The Taxpayers Party of New York State was an American political party active in the state of New York. It was not part of any nationwide party, nor is it affiliated with the U.S. Taxpayers' Party (now known as the Constitution Party), which predates it by 18 years, or the Tax Revolt Party active in Nassau County. The Taxpayers Party of New York was founded by Carl Paladino in 2010, with the help of Rus Thompson, Leonard Roberto, Michael Caputo and Gary Berntsen. It officially gained ballot access on August 10, 2010 and fielded candidates in the New York state elections, 2010.

Other than a committee to fill vacancies, the party does not have operations and served only as an additional ballot line for Republican candidates; it was originally designed to counter the decisions of the Conservative Party of New York State under New York's electoral fusion laws. It originally endorsed candidates the Conservative Party passed up in statewide races; after the September primaries, the losers dropped out the races, and each party has cross-nominated the primary winners as their nominees.
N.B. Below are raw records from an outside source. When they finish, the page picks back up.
lemma approx_err_conv_terminal:
  assumes "unterminated \<alpha> N" "compl_quot \<alpha> N \<in> \<int>"
  shows "approx_err \<alpha> (conv (part_quot \<alpha>) (Suc (Suc N))) = 0"
proof -
  have "compl_quot \<alpha> N = of_int (part_quot \<alpha> N)"
    using assms(2) by (simp add: part_quot_def)
  then show ?thesis
    using compl_quot_relation[OF assms(1)] by (simp add: approx_err_add approx_err_scale algebra_simps)
qed

lemma cf_prefix_part_quot:
  assumes "0 < \<alpha>" "unterminated \<alpha> N"
  shows "cf_prefix (part_quot \<alpha>) (compl_quot \<alpha>) \<alpha> N"
proof
  fix j assume "j \<le> N"
  then have "unterminated \<alpha> j" using assms(2) by auto
  then show "approx_err \<alpha> (conv (part_quot \<alpha>) (Suc j)) * compl_quot \<alpha> j
      + approx_err \<alpha> (conv (part_quot \<alpha>) j) = 0"
    by (rule compl_quot_relation)
  show "0 < of_int (snd (conv (part_quot \<alpha>) (Suc j))) * compl_quot \<alpha> j
      + of_int (snd (conv (part_quot \<alpha>) j))"
  proof (cases j)
    case (Suc i)
    have "1 \<le> snd (conv (part_quot \<alpha>) (Suc (Suc i)))" "0 \<le> snd (conv (part_quot \<alpha>) (Suc i))"
      using snd_conv_ge[of i "part_quot \<alpha>"] part_quot_ge_1[where \<alpha>=\<alpha>] \<open>unterminated \<alpha> j\<close> Suc
      by auto
    moreover have "1 < compl_quot \<alpha> j"
      using compl_quot_gt_1 \<open>unterminated \<alpha> j\<close> Suc by simp
    ultimately show ?thesis
      using Suc by (smt (verit) of_int_le_iff of_int_1 mult_less_cancel_left1 of_int_0_le_iff)
  qed simp
next
  fix j assume "j < N"
  then show "of_int (part_quot \<alpha> j) < compl_quot \<alpha> j"
    using assms(2) part_quot_less by blast
next
  show "of_int (part_quot \<alpha> N) \<le> compl_quot \<alpha> N"
    by (simp add: part_quot_def)
next
  fix j assume "1 \<le> j" "j \<le> N"
  then show "1 \<le> part_quot \<alpha> j"
    using part_quot_ge_1[where \<alpha>=\<alpha> and j=j] assms(2) by auto
next
  show "0 \<le> part_quot \<alpha> 0"
    using assms(1) by (simp add: part_quot_def)
qed

lemma compl_quot_rational_den:
  assumes "\<alpha> = of_int r0 / of_int s0" "0 < s0"
  shows "unterminated \<alpha> j \<Longrightarrow>
    \<exists>r s. 0 < s \<and> compl_quot \<alpha> j = of_int r / of_int s \<and> s + int j \<le> s0"
proof (induction j)
  case (Suc j)
  then obtain r s where rs: "0 < s" "compl_quot \<alpha> j = of_int r / of_int s" "s + int j \<le> s0"
    by auto
  have "real_of_int r = of_int (r div s) * of_int s + of_int (r mod s)"
    by (metis of_int_add of_int_mult div_mult_mod_eq)
  moreover have "\<lfloor>compl_quot \<alpha> j\<rfloor> = r div s"
    unfolding rs(2) by (rule floor_divide_of_int_eq)
  then have "frac (compl_quot \<alpha> j) = of_int r / of_int s - of_int (r div s)"
    by (simp only: frac_def) (simp add: rs(2))
  ultimately have "frac (compl_quot \<alpha> j) = of_int (r mod s) / of_int s"
    using rs(1) by (simp add: field_simps)
  moreover have "r mod s \<noteq> 0"
    using Suc.prems calculation by auto
  moreover have "0 \<le> r mod s" "r mod s < s"
    using rs(1) by auto
  ultimately have "0 < r mod s" "compl_quot \<alpha> (Suc j) = of_int s / of_int (r mod s)"
    "r mod s + int (Suc j) \<le> s0"
    using rs(3) by auto
  then show ?case by blast
qed (use assms in auto)

lemma rational_terminates:
  assumes "\<alpha> \<in> \<rat>"
  obtains N where "unterminated \<alpha> N" "compl_quot \<alpha> N \<in> \<int>"
proof -
  obtain r0 s0 where rs: "0 < s0" "\<alpha> = of_int r0 / of_int s0"
    using Rats_cases'[OF assms] by metis
  have "\<not> unterminated \<alpha> (nat s0)"
  proof
    assume "unterminated \<alpha> (nat s0)"
    then obtain s where "0 < s" "s + int (nat s0) \<le> s0"
      using compl_quot_rational_den[OF rs(2,1)] by blast
    then show False using rs(1) by simp
  qed
  then obtain N where "compl_quot \<alpha> N \<in> \<int>" "\<forall>i<N. compl_quot \<alpha> i \<notin> \<int>"
    using exists_least_iff[of "\<lambda>i. compl_quot \<alpha> i \<in> \<int>"] by blast
  then show ?thesis using that by blast
qed

lemma irrational_unterminated: "\<alpha> \<notin> \<rat> \<Longrightarrow> unterminated \<alpha> j"
proof (induction j)
  case (Suc j)
  have "compl_quot \<alpha> j \<notin> \<int>"
  proof
    assume "compl_quot \<alpha> j \<in> \<int>"
    then have "approx_err \<alpha> (conv (part_quot \<alpha>) (Suc (Suc j))) = 0"
      using approx_err_conv_terminal Suc by blast
    then have "\<alpha> = of_int (fst (conv (part_quot \<alpha>) (Suc (Suc j))))
        / of_int (snd (conv (part_quot \<alpha>) (Suc (Suc j))))"
      using snd_conv_part_quot_pos[where \<alpha>=\<alpha> and j=j] Suc approx_err_eq_0_iff
      by (simp del: conv.simps)
    then have "\<alpha> \<in> \<rat>" by (metis Rats_divide Rats_of_int)
    then show False using Suc.prems by blast
  qed
  then show ?case using Suc by (simp add: less_Suc_eq)
qed simp

lemma cf_inf_exp_part_quot:
  assumes "\<alpha> \<notin> \<rat>" "0 < \<alpha>"
  shows "cf_inf_exp \<alpha> (part_quot \<alpha>)"
proof -
  let ?c = "part_quot \<alpha>"
  let ?r = "\<lambda>k. real_of_int (fst (conv ?c (Suc (Suc k)))) / of_int (snd (conv ?c (Suc (Suc k))))"
  have dig: "\<forall>k\<ge>1. 1 \<le> ?c k"
    using part_quot_ge_1 irrational_unterminated[OF assms(1)] by blast
  have bound: "\<bar>?r k - \<alpha>\<bar> \<le> 2 * inverse (real (Suc k))" for k
  proof -
    interpret cf_prefix ?c "compl_quot \<alpha>" \<alpha> "Suc k"
      using cf_prefix_part_quot assms irrational_unterminated by blast
    define q where "q = real_of_int (snd (conv ?c (Suc (Suc k))))"
    have "int k + 1 \<le> 2 * snd (conv ?c (Suc (Suc k)))"
      using snd_conv_growth[of k ?c] dig by auto
    then have q: "real k + 1 \<le> 2 * q" "1 \<le> q"
      unfolding q_def using snd_conv_pos[of k] by linarith+
    have "\<bar>?r k - \<alpha>\<bar> * q = \<bar>approx_err \<alpha> (conv ?c (Suc (Suc k)))\<bar>"
      using q(2) by (simp add: q_def approx_err_def abs_mult[symmetric] field_simps del: conv.simps)
    also have "\<dots> \<le> 1 / q"
      using convergent_error_bound[of "Suc k"] q(2) by (simp add: q_def field_simps del: conv.simps)
    also have "\<dots> \<le> 1" using q(2) by simp
    finally have "\<bar>?r k - \<alpha>\<bar> \<le> 1 / q" using q(2) by (simp add: field_simps)
    also have "\<dots> \<le> 2 * inverse (real (Suc k))" using q by (simp add: field_simps)
    finally show ?thesis .
  qed
  have "(\<lambda>k. 2 * inverse (real (Suc k))) \<longlonglongrightarrow> 0"
    using tendsto_mult_right_zero[OF LIMSEQ_inverse_real_of_nat] by simp
  then have "(\<lambda>k. \<alpha> - 2 * inverse (real (Suc k))) \<longlonglongrightarrow> \<alpha>"
    and "(\<lambda>k. \<alpha> + 2 * inverse (real (Suc k))) \<longlonglongrightarrow> \<alpha>"
    using tendsto_diff[OF tendsto_const] tendsto_add[OF tendsto_const] by fastforce+
  then have "?r \<longlonglongrightarrow> \<alpha>"
    by (rule tendsto_sandwich[rotated 2]) (use bound in \<open>auto simp: abs_le_iff algebra_simps\<close>)
  then show ?thesis
    unfolding cf_inf_exp_def using dig by (simp add: conv_Suc del: conv.simps)
qed

lemma cf_fin_exp_part_quot:
  assumes "unterminated \<alpha> N" "compl_quot \<alpha> N \<in> \<int>"
  shows "cf_fin_exp \<alpha> (part_quot \<alpha>) N"
  using approx_err_conv_terminal[OF assms] snd_conv_part_quot_pos[OF assms(1)]
    approx_err_eq_0_iff part_quot_ge_1[where \<alpha>=\<alpha>] assms(1)
  unfolding cf_fin_exp_def by (auto simp: conv_Suc simp del: conv.simps)

lemma part_quot_terminal_ge_2:
  assumes "unterminated \<alpha> N" "compl_quot \<alpha> N \<in> \<int>" "1 \<le> N"
  shows "2 \<le> part_quot \<alpha> N"
proof -
  have "compl_quot \<alpha> N = of_int (part_quot \<alpha> N)"
    using assms(2) by (simp add: part_quot_def)
  then show ?thesis
    using compl_quot_gt_1[where \<alpha>=\<alpha> and i="N - 1"] assms(1,3) by simp
qed

section \<open>Semi-convergent denominators\<close>

lemma snd_semiconv_Suc: "snd (semiconv c (Suc k) m) = m * cf_q c (Suc k) + cf_q c k"
  by (simp add: semiconv_def conv_Suc del: conv.simps)

lemma snd_semiconv_0: "snd (semiconv c 0 m) = 1"
  by (simp add: semiconv_def)

lemma snd_semiconv_in_dens_inf:
  assumes "\<forall>i\<ge>1. 1 \<le> c i" "0 \<le> m" "m \<le> c j"
  shows "snd (semiconv c j m) \<in> semiconv_dens_inf c"
proof (cases j)
  case 0
  have "snd (semiconv c j m) = 0 * cf_q c (1 + 1) + cf_q c 1"
    using 0 by (simp add: snd_semiconv_0)
  moreover have "0 \<le> c (1 + 1)" using assms(1) by (meson le_add2 order.trans zero_le_one)
  ultimately show ?thesis unfolding semiconv_dens_inf_def by blast
next
  case (Suc k)
  then show ?thesis
    using assms(2,3) unfolding semiconv_dens_inf_def by (auto simp: snd_semiconv_Suc)
qed

lemma snd_conv_in_dens_inf:
  assumes "\<forall>i\<ge>1. 1 \<le> c i"
  shows "snd (conv c (Suc j)) \<in> semiconv_dens_inf c"
proof -
  have "0 \<le> c (Suc j)" using assms[rule_format, of "Suc j"] by simp
  then show ?thesis using snd_semiconv_in_dens_inf[OF assms, of 0 "Suc j"] by (simp del: conv.simps)
qed

lemma snd_semiconv_last_in_dens_fin: "0 \<le> m \<Longrightarrow> snd (semiconv c (Suc K) m) \<in> semiconv_dens_fin c K"
  unfolding semiconv_dens_fin_def by (auto simp: snd_semiconv_Suc)

lemma snd_semiconv_in_dens_fin:
  assumes "\<forall>i. 1 \<le> i \<and> i \<le> K \<longrightarrow> 1 \<le> c i" "j \<le> K" "0 \<le> m" "m \<le> c j"
  shows "snd (semiconv c j m) \<in> semiconv_dens_fin c K"
proof (cases j)
  case 0
  then have val: "snd (semiconv c j m) = snd (semiconv c (Suc 0) 1)"
    by (simp add: snd_semiconv_0 snd_semiconv_Suc)
  show ?thesis
  proof (cases K)
    case 0
    then show ?thesis unfolding val using snd_semiconv_last_in_dens_fin by simp
  next
    case (Suc K')
    then show ?thesis
      unfolding val semiconv_dens_fin_def snd_semiconv_Suc using assms(1)
      by (intro UnI1 CollectI exI[of _ 0] exI[of _ 1]) simp
  qed
next
  case (Suc k)
  then show ?thesis
    using assms(2-4) unfolding semiconv_dens_fin_def by (auto simp: snd_semiconv_Suc)
qed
The party has not endorsed incumbents in most races. Had Paladino received 50,000 votes on the line in 2010 and gained permanent ballot access, the party would have had to put together an organizational structure. The party's name derives from the motto "taxed enough already," the acronym of which (TEA) forms the basis of the TEA Party movement. Paladino received significant supported from the Tea Party movement.
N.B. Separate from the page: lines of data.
definition interval_vec :: "nat \<Rightarrow> int \<Rightarrow> int \<Rightarrow> bit vec" where
  "interval_vec n s t = vec n (\<lambda>i. if s \<le> int i \<and> int i < t then 1 else 0)"

lemma residue_class_vec_carrier [simp]: "residue_class_vec n p s \<in> carrier_vec n"
  and cyclic_window_carrier [simp]: "cyclic_window n p a \<in> carrier_vec n"
  by (simp_all add: residue_class_vec_def cyclic_window_def)

lemma residue_class_vec_dim [simp]: "dim_vec (residue_class_vec n p s) = n"
  and cyclic_window_dim [simp]: "dim_vec (cyclic_window n p a) = n"
  and interval_vec_dim [simp]: "dim_vec (interval_vec n s t) = n"
  by (simp_all add: residue_class_vec_def cyclic_window_def interval_vec_def)

lemma residue_class_vec_index [simp]:
  "i < n \<Longrightarrow> residue_class_vec n p s $ i = (if int i mod int p = s mod int p then 1 else 0)"
  by (simp add: residue_class_vec_def)

lemma cyclic_window_index [simp]:
  "i < n \<Longrightarrow> cyclic_window n p a $ i = (if (a - int i) mod int n < int p then 1 else 0)"
  by (simp add: cyclic_window_def)

lemma interval_vec_index [simp]:
  "i < n \<Longrightarrow> interval_vec n s t $ i = (if s \<le> int i \<and> int i < t then 1 else 0)"
  by (simp add: interval_vec_def)

lemma residue_class_vec_cong:
  "s mod int p = s' mod int p \<Longrightarrow> residue_class_vec n p s = residue_class_vec n p s'"
  by (simp add: residue_class_vec_def)

lemma cyclic_window_cong:
  "a mod int n = a' mod int n \<Longrightarrow> cyclic_window n p a = cyclic_window n p a'"
  unfolding cyclic_window_def by (metis mod_diff_left_eq)

lemma interval_vec_append:
  assumes "s \<le> m" "m \<le> t"
  shows "interval_vec n s m + interval_vec n m t = interval_vec n s t"
  by (rule eq_vecI) (use assms in auto)

lemma cyclic_window_eq_interval_vec:
  assumes "0 < p" "int p \<le> a + 1" "a < int n"
  shows "cyclic_window n p a = interval_vec n (a + 1 - int p) (a + 1)"
proof (rule eq_vecI)
  fix i assume "i < dim_vec (interval_vec n (a + 1 - int p) (a + 1))"
  then have i: "i < n" by simp
  have "(a - int i) mod int n = (if int i \<le> a then a - int i else a - int i + int n)"
    using assms i by (intro diff_mod_eq_if) auto
  then show "cyclic_window n p a $ i = interval_vec n (a + 1 - int p) (a + 1) $ i"
    using assms i by auto
qed simp

lemma cyclic_window_eq_interval_vec_wrap:
  assumes "0 \<le> a" "a + 1 < int p" "p \<le> n"
  shows "cyclic_window n p a = interval_vec n 0 (int n) + interval_vec n (a + 1) (a + 1 + int n - int p)"
proof (rule eq_vecI)
  fix i assume "i < dim_vec (interval_vec n 0 (int n) + interval_vec n (a + 1) (a + 1 + int n - int p))"
  then have i: "i < n" by simp
  have "(a - int i) mod int n = (if int i \<le> a then a - int i else a - int i + int n)"
    using assms i by (intro diff_mod_eq_if) auto
  then show "cyclic_window n p a $ i = (interval_vec n 0 (int n) + interval_vec n (a + 1) (a + 1 + int n - int p)) $ i"
    using assms i by auto
qed simp

locale circulant_pq =
  fixes p q r :: nat
  assumes p_pos: "0 < p" and q_pos: "0 < q" and r_eq: "r = p * q"
begin

interpretation V: vec_space "TYPE(bit)" r .

lemma p_le_r: "p \<le> r"
  using q_pos r_eq by simp

definition residue_classes :: "bit vec set" where
  "residue_classes = (\<lambda>s. residue_class_vec r p (int s)) ` {..<p}"

definition windows :: "bit vec set" where
  "windows = (\<lambda>a. cyclic_window r p (int a)) ` {p - 1..<r}"

lemma residue_classes_carrier: "residue_classes \<subseteq> carrier_vec r"
  by (auto simp: residue_classes_def)

lemma windows_carrier: "windows \<subseteq> carrier_vec r"
  by (auto simp: windows_def)

lemma residue_classes_triangular:
  shows "inj_on (\<lambda>s. residue_class_vec r p (int s)) {..<p}"
    and "V.lin_indpt residue_classes"
proof -
  have diag: "residue_class_vec r p (int s) $ s \<noteq> 0" if "s \<in> {..<p}" for s
    using that p_le_r by simp
  have below: "residue_class_vec r p (int s') $ s = 0" if "s \<in> {..<p}" "s' \<in> {..<p}" "s' < s" for s s'
    using that p_le_r by simp
  show "inj_on (\<lambda>s. residue_class_vec r p (int s)) {..<p}"
    using diag below by (rule V.triangular_inj_on)
  show "V.lin_indpt residue_classes"
    unfolding residue_classes_def
    by (rule V.triangular_lin_indpt[where pos = id]) (use diag below p_le_r in auto)
qed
The party had ceased active campaigning due to Paladino earning the endorsement of the Conservative Party until releasing a last-minute advertisement on Election Day.
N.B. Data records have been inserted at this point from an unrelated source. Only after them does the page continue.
(* Let $\mathbf X=\{X(\tilde r)\}_{\tilde r\in\mathbb N_0^d}$ be an $\mathbf F$-supermartingale, $\tilde s\in\mathbb N_0^d$, and $\tilde T\in\mathcal A(\tilde s)$. Then $\{X(\tilde T(t))\}_{t\in\mathbb N_0}$ is an $\mathbf F(\tilde T)$-supermartingale.
   Context: $(\Omega,\mathcal F,\mathbb P)$ complete; $\mathbf F=\{\mathcal F(\tilde s)\}_{\tilde s\in\mathbb N_0^d}$ satisfies (F1) monotonicity in the componentwise order, (F2) $\mathcal F(\tilde 0)$ contains all null sets, (F4) $\mathcal F(\tilde s),\mathcal F(\tilde r)$ conditionally independent given $\mathcal F(\tilde s\wedge\tilde r)$. $\mathbf X$ is an $\mathbf F$-supermartingale if each $X(\tilde s)$ is integrable, $\mathcal F(\tilde s)$-measurable, and $\mathbb E[X(\tilde r)\mid\mathcal F(\tilde s)]\le X(\tilde s)$ a.s. for $\tilde s\le\tilde r$. An allocation strategy for $\tilde s$ is an $\mathbb N_0^d$-valued $\{\tilde T(t)\}_{t\in\mathbb N_0}$ with $\tilde T(0)=\tilde s$, $\tilde T(t+1)=\tilde T(t)+\tilde e_j$ for some $j$ ($\tilde e_j$ unit vectors), and $\{\tilde T(t+1)=\tilde T(t)+\tilde e_j,\ \tilde T(t)=\tilde r\}\in\mathcal F(\tilde r)$; $\mathcal A(\tilde s)$ is their set. For a stopping point $\tilde\nu$ (i.e. $\{\tilde\nu=\tilde r\}\in\mathcal F(\tilde r)$ for all $\tilde r$), $\mathcal F(\tilde\nu):=\{A:A\cap\{\tilde\nu=\tilde r\}\in\mathcal F(\tilde r)\ \forall\tilde r\}$; $\mathbf F(\tilde T):=\{\mathcal F(\tilde T(t))\}_{t\in\mathbb N_0}$. *)

theory Defs
  imports "HOL-Probability.Probability"
begin

text \<open>Multiparameter index set: N_0^d is rendered as functions 'd \<Rightarrow> nat for a finite type 'd,
  ordered componentwise (the pointwise order on functions); componentwise minimum is inf.\<close>

definition unit_vec :: "'d \<Rightarrow> ('d \<Rightarrow> nat)" where
  "unit_vec j = (\<lambda>i. if i = j then 1 else 0)"

definition cond_indep :: "'a measure \<Rightarrow> 'a measure \<Rightarrow> 'a measure \<Rightarrow> 'a measure \<Rightarrow> bool" where
  "cond_indep M A B G \<longleftrightarrow>
     (\<forall>a\<in>sets A. \<forall>b\<in>sets B.
        AE \<omega> in M. real_cond_exp M G (indicator (a \<inter> b)) \<omega>
                   = real_cond_exp M G (indicator a) \<omega> * real_cond_exp M G (indicator b) \<omega>)"

text \<open>The filtration conditions (F1), (F2), (F4), together with the standing requirement that
  every F(s) is a sub-sigma-algebra of the underlying probability space.\<close>
definition multi_filtration :: "'a measure \<Rightarrow> (('d::finite \<Rightarrow> nat) \<Rightarrow> 'a measure) \<Rightarrow> bool" where
  "multi_filtration M F \<longleftrightarrow>
     (\<forall>s. subalgebra M (F s)) \<and>
     (\<forall>s r. s \<le> r \<longrightarrow> sets (F s) \<subseteq> sets (F r)) \<and>
     null_sets M \<subseteq> sets (F (\<lambda>_. 0)) \<and>
     (\<forall>s r. cond_indep M (F s) (F r) (F (inf s r)))"

definition supermartingale :: "'a measure \<Rightarrow> ('i::order \<Rightarrow> 'a measure) \<Rightarrow> ('i \<Rightarrow> 'a \<Rightarrow> real) \<Rightarrow> bool" where
  "supermartingale M F X \<longleftrightarrow>
     (\<forall>s. integrable M (X s) \<and> X s \<in> borel_measurable (F s)) \<and>
     (\<forall>s r. s \<le> r \<longrightarrow> (AE \<omega> in M. real_cond_exp M (F s) (X r) \<omega> \<le> X s \<omega>))"

definition allocation_strategy ::
  "'a measure \<Rightarrow> (('d::finite \<Rightarrow> nat) \<Rightarrow> 'a measure) \<Rightarrow> ('d \<Rightarrow> nat) \<Rightarrow> (nat \<Rightarrow> 'a \<Rightarrow> ('d \<Rightarrow> nat)) \<Rightarrow> bool" where
  "allocation_strategy M F s T \<longleftrightarrow>
     (\<forall>\<omega>\<in>space M. T 0 \<omega> = s) \<and>
     (\<forall>t. \<forall>\<omega>\<in>space M. \<exists>j. T (Suc t) \<omega> = (\<lambda>i. T t \<omega> i + unit_vec j i)) \<and>
     (\<forall>t j r. {\<omega>\<in>space M. T (Suc t) \<omega> = (\<lambda>i. T t \<omega> i + unit_vec j i) \<and> T t \<omega> = r} \<in> sets (F r))"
The now-disbanded Jefferson County chapter of the Independence Party of New York had seen the majority of its leaders switch allegiance to the Taxpayers Party, with the rest supporting the Anti-Prohibition Party of Kristin M. Davis.

The party registered 25,820 votes on election night 2010, leaving it well short of the necessary votes to achieve a permanent ballot line. In portions of Western New York, the line drew vote totals on par with the Working Families Party and the Green Party. The party's founders have not indicated whether or not it will pursue ballot lines in future elections. Rus Thompson, Gary Berntsen and Michael Caputo, who helped organized the party line, orchestrated an attempted ballot access campaign for David Bellavia in the New York's 26th congressional district special election, 2011, but because Paladino and Leonard Roberto endorsed Republican nominee Jane Corwin, the organization used the name "Federalist Party" for Bellavia's petitions instead of the Taxpayers Party. Its former website is now a Japanese-language placeholder.

Paladino endorsed Rob Astorino in the 2014 election; Astorino himself created a similar ballot line, the Stop Common Core Party line, which achieved automatic ballot access with just over 50,000 votes.

==2010 Comptroller Campaign==

Thompson, originally on petitions as a dummy candidate, did not actively campaign for the comptroller position, due to both his position as Paladino's campaign treasurer and a desire not to act as a spoiler in the race. He relinquished his spot on the ballot.